§ WHAT YOU SHOULD DO:
When you reach the line containing "by (intro cSUP_upper" in the entries below, begin reproducing lines exactly, and stop once the line containing "by (intro pre_pure_mono)" is done.

(Stored items)
[Start of section]
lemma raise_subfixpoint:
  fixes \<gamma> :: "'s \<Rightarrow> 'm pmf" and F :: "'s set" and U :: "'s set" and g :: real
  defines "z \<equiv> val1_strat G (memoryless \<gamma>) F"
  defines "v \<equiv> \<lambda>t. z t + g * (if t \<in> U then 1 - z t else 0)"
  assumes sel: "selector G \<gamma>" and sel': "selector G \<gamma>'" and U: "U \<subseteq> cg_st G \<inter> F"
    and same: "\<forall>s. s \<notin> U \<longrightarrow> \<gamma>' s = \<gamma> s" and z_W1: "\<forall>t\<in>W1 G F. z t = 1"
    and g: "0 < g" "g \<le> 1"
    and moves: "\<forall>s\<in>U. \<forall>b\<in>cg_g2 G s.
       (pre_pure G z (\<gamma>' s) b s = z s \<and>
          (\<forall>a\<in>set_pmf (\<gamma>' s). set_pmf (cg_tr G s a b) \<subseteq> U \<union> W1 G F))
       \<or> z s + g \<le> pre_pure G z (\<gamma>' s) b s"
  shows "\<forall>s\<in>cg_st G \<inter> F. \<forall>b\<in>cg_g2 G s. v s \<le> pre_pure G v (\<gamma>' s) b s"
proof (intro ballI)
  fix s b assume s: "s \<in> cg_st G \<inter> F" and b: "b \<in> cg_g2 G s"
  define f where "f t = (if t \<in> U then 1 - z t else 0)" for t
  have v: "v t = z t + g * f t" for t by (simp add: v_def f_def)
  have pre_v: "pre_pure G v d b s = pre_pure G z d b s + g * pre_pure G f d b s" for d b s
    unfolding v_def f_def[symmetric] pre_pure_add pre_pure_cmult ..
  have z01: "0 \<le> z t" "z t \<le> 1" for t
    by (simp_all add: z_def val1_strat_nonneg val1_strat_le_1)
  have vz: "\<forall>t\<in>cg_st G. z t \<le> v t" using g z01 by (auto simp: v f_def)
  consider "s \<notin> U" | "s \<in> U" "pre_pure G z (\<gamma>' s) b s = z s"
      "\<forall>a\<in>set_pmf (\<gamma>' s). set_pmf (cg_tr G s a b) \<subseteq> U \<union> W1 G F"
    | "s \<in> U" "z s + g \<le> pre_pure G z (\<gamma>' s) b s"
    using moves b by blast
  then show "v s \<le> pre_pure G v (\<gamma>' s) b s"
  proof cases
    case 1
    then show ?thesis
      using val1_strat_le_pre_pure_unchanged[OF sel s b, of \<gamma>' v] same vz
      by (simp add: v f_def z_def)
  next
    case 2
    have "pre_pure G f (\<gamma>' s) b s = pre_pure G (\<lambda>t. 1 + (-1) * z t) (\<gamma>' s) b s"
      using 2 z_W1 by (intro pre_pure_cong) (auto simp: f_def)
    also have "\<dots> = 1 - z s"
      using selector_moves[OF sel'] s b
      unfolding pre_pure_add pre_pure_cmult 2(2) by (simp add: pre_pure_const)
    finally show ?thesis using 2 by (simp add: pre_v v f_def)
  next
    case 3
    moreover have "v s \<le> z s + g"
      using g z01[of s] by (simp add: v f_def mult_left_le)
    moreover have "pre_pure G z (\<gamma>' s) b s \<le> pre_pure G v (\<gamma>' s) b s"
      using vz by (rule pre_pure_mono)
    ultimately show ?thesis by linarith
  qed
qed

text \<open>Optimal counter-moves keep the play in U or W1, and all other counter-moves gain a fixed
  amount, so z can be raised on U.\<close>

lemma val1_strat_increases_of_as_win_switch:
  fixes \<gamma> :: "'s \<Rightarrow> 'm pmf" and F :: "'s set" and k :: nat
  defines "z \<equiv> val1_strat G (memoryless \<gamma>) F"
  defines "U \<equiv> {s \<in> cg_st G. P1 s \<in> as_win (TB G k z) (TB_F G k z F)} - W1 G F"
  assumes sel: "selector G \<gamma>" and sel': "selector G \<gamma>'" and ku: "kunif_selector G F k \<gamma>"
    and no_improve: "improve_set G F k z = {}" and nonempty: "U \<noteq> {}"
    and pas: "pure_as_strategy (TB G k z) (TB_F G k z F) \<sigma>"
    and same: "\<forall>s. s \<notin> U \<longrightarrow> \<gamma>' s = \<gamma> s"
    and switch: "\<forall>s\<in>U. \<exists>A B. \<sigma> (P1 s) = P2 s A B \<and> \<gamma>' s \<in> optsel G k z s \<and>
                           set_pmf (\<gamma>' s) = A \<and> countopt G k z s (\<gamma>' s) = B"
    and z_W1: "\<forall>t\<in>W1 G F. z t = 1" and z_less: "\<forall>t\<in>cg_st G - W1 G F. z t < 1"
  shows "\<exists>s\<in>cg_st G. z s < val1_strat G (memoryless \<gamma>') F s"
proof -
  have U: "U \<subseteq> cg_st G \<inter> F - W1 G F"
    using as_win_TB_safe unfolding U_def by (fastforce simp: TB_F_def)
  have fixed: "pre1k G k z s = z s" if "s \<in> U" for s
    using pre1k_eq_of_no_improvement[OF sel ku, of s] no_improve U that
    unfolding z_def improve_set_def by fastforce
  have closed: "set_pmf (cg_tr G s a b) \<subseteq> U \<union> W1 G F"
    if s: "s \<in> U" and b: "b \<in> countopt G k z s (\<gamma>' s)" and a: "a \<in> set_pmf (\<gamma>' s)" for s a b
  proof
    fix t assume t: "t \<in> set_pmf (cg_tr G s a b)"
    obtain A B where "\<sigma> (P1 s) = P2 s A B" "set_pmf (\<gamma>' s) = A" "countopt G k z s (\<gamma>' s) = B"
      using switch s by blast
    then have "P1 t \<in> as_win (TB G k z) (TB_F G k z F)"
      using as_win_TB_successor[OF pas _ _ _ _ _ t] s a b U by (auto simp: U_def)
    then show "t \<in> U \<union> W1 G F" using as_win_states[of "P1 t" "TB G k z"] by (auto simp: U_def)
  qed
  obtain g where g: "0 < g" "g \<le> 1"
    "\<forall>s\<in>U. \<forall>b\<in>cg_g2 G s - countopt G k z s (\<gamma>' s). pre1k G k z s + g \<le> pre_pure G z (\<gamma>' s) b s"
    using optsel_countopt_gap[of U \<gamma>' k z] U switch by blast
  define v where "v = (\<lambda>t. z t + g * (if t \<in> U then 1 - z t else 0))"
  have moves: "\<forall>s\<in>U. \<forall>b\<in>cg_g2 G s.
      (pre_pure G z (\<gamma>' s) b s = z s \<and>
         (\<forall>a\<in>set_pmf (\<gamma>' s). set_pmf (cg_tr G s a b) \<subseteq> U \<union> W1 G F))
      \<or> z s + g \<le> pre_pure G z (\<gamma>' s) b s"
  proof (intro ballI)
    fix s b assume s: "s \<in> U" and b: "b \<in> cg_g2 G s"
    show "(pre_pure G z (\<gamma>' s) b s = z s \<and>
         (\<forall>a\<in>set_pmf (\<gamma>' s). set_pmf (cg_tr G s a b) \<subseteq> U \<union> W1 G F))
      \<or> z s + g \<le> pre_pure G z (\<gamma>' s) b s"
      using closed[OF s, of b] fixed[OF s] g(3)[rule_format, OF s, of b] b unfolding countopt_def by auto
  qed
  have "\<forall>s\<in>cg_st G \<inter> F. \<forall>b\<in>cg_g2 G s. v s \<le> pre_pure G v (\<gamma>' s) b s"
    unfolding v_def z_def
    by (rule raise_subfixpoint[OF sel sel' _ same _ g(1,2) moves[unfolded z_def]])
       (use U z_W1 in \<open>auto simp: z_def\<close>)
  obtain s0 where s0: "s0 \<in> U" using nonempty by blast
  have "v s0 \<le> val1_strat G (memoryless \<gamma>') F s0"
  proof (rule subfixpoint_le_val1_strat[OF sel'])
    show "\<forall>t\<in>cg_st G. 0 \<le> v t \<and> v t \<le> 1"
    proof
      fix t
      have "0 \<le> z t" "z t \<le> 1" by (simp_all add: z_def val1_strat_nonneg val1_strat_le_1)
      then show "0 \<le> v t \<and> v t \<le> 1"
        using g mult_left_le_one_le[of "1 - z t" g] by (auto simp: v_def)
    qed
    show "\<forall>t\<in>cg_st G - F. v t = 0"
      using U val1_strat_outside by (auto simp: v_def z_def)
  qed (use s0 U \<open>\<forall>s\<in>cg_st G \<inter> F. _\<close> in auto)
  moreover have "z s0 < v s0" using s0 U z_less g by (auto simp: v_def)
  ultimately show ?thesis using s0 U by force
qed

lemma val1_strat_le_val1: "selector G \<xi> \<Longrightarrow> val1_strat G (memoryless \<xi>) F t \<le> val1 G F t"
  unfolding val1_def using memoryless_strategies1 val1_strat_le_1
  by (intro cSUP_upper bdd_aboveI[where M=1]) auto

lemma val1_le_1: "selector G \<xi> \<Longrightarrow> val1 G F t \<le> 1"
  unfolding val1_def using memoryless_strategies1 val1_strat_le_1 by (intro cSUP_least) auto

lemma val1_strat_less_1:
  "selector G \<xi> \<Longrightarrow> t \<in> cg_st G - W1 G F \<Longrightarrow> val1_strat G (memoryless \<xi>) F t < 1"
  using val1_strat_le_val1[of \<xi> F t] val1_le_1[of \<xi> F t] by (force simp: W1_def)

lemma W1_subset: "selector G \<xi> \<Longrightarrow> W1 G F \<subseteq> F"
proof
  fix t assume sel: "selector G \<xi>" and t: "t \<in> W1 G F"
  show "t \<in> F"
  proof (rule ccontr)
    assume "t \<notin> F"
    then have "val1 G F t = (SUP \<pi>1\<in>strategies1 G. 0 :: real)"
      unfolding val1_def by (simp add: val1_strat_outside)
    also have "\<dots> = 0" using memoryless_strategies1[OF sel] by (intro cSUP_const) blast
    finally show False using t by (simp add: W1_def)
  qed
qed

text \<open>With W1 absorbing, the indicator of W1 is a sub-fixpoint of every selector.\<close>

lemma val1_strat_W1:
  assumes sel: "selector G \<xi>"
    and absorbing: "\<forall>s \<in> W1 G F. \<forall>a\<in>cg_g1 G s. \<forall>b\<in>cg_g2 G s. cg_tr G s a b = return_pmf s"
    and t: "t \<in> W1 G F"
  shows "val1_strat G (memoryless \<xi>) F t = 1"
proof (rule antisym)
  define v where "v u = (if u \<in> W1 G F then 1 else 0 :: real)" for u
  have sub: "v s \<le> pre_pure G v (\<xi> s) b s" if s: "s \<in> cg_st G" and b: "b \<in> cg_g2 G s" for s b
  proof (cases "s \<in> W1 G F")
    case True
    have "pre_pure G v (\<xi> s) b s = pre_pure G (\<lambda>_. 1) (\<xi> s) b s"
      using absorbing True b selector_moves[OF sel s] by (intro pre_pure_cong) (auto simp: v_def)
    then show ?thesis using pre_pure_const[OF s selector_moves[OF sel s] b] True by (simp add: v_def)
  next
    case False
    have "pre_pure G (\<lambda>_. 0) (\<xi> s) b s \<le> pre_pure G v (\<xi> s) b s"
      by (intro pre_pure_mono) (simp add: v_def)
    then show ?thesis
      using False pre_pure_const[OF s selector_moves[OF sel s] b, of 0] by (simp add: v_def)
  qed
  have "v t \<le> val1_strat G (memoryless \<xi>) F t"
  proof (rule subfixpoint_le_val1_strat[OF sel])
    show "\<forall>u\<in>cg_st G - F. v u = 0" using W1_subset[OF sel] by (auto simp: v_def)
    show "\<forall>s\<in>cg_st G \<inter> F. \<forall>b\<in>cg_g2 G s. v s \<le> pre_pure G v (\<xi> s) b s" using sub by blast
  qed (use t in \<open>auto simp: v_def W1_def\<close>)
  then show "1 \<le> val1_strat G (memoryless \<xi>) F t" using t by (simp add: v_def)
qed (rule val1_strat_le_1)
[End of section]
§ TASK SOLUTION:
  by (intro cSUP_upper bdd_aboveI[where M=1]) auto

lemma val1_le_1: "selector G \<xi> \<Longrightarrow> val1 G F t \<le> 1"
  unfolding val1_def using memoryless_strategies1 val1_strat_le_1 by (intro cSUP_least) auto

lemma val1_strat_less_1:
  "selector G \<xi> \<Longrightarrow> t \<in> cg_st G - W1 G F \<Longrightarrow> val1_strat G (memoryless \<xi>) F t < 1"
  using val1_strat_le_val1[of \<xi> F t] val1_le_1[of \<xi> F t] by (force simp: W1_def)

lemma W1_subset: "selector G \<xi> \<Longrightarrow> W1 G F \<subseteq> F"
proof
  fix t assume sel: "selector G \<xi>" and t: "t \<in> W1 G F"
  show "t \<in> F"
  proof (rule ccontr)
    assume "t \<notin> F"
    then have "val1 G F t = (SUP \<pi>1\<in>strategies1 G. 0 :: real)"
      unfolding val1_def by (simp add: val1_strat_outside)
    also have "\<dots> = 0" using memoryless_strategies1[OF sel] by (intro cSUP_const) blast
    finally show False using t by (simp add: W1_def)
  qed
qed

text \<open>With W1 absorbing, the indicator of W1 is a sub-fixpoint of every selector.\<close>

lemma val1_strat_W1:
  assumes sel: "selector G \<xi>"
    and absorbing: "\<forall>s \<in> W1 G F. \<forall>a\<in>cg_g1 G s. \<forall>b\<in>cg_g2 G s. cg_tr G s a b = return_pmf s"
    and t: "t \<in> W1 G F"
  shows "val1_strat G (memoryless \<xi>) F t = 1"
proof (rule antisym)
  define v where "v u = (if u \<in> W1 G F then 1 else 0 :: real)" for u
  have sub: "v s \<le> pre_pure G v (\<xi> s) b s" if s: "s \<in> cg_st G" and b: "b \<in> cg_g2 G s" for s b
  proof (cases "s \<in> W1 G F")
    case True
    have "pre_pure G v (\<xi> s) b s = pre_pure G (\<lambda>_. 1) (\<xi> s) b s"
      using absorbing True b selector_moves[OF sel s] by (intro pre_pure_cong) (auto simp: v_def)
    then show ?thesis using pre_pure_const[OF s selector_moves[OF sel s] b] True by (simp add: v_def)
  next
    case False
    have "pre_pure G (\<lambda>_. 0) (\<xi> s) b s \<le> pre_pure G v (\<xi> s) b s"
      by (intro pre_pure_mono) (simp add: v_def)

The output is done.